Quant Tax Plan-Growth is a Best Equity Linked Savings Scheme (ELSS) fund, which means that it basically invests in equities and equity-related instruments. ELSS mutual funds offer tax benefits under Section 80C of the Income Tax Act, 1961.

  • NAV: 270.96
  • Expense ratio: 1.85% for Regular plan, 0.76% for Direct plan
  • AUM: ₹4,925 Crores

Returns:

Fund name 1 year (%)3 year (%)5 year (%)
Quant Tax Plan Growth 8.4%32.65%24.98%

Top 5 holdings:

  • Reliance Industries Ltd. (7.78%)
  • Infosys Ltd. (6.19%)
  • HDFC Bank Ltd. (5.71%)
  • ICICI Bank Ltd. (5.51%)
  • Tata Consultancy Services Ltd. (5.10%)

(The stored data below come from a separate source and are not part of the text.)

lemma bounded_morphism_on_Image:
  assumes "Z \<subseteq> D"
  shows "Rel K `` Z \<subseteq> D" and "f ` (Rel K `` Z) = Rel N `` (f ` Z)"
proof -
  show "Rel K `` Z \<subseteq> D" using assms bounded_morphism_on_forth by blast
  show "f ` (Rel K `` Z) = Rel N `` (f ` Z)"
  proof
    show "f ` (Rel K `` Z) \<subseteq> Rel N `` (f ` Z)" using assms bounded_morphism_on_forth by blast
    show "Rel N `` (f ` Z) \<subseteq> f ` (Rel K `` Z)"
      using assms bounded_morphism_on_back by (fastforce simp: Image_iff)
  qed
qed

lemma successor_team_image:
  assumes "Z \<subseteq> D" and "successor_team (Rel K) Z Y"
  shows "Y \<subseteq> D" and "successor_team (Rel N) (f ` Z) (f ` Y)"
proof -
  show "Y \<subseteq> D" using assms bounded_morphism_on_forth by (fastforce simp: successor_team_def)
  show "successor_team (Rel N) (f ` Z) (f ` Y)"
    using assms bounded_morphism_on_forth unfolding successor_team_def by (fastforce simp: subsetD)
qed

2.) Bank of India Tax Advantage Fund

The Bank of India Tax Advantage Fund Regular Growth plan is an Equity Linked Savings Scheme (ELSS) fund, which means that it invests in equities and equity-related instruments. ELSS mutual funds offer tax benefits under Section 80C of the Income Tax Act, 1961. 

  • NAV: 117.00
  • Expense ratio: 2.26%
  • AUM: ₹888.58 Crores

Returns:

Fund name 1 year (%)3 year (%)5 year (%)
Bank of India Tax Advantage Fund Regular Growth14.15%23.66%19.93%

Top 5 holdings:

  • HDFC Bank Ltd. (7.68%)
  • Reliance Industries Ltd. (7.64%)
  • Infosys Ltd. (6.62%)
  • ICICI Bank Ltd. (6.31%)
  • Tata Consultancy Services Ltd. (5.81%)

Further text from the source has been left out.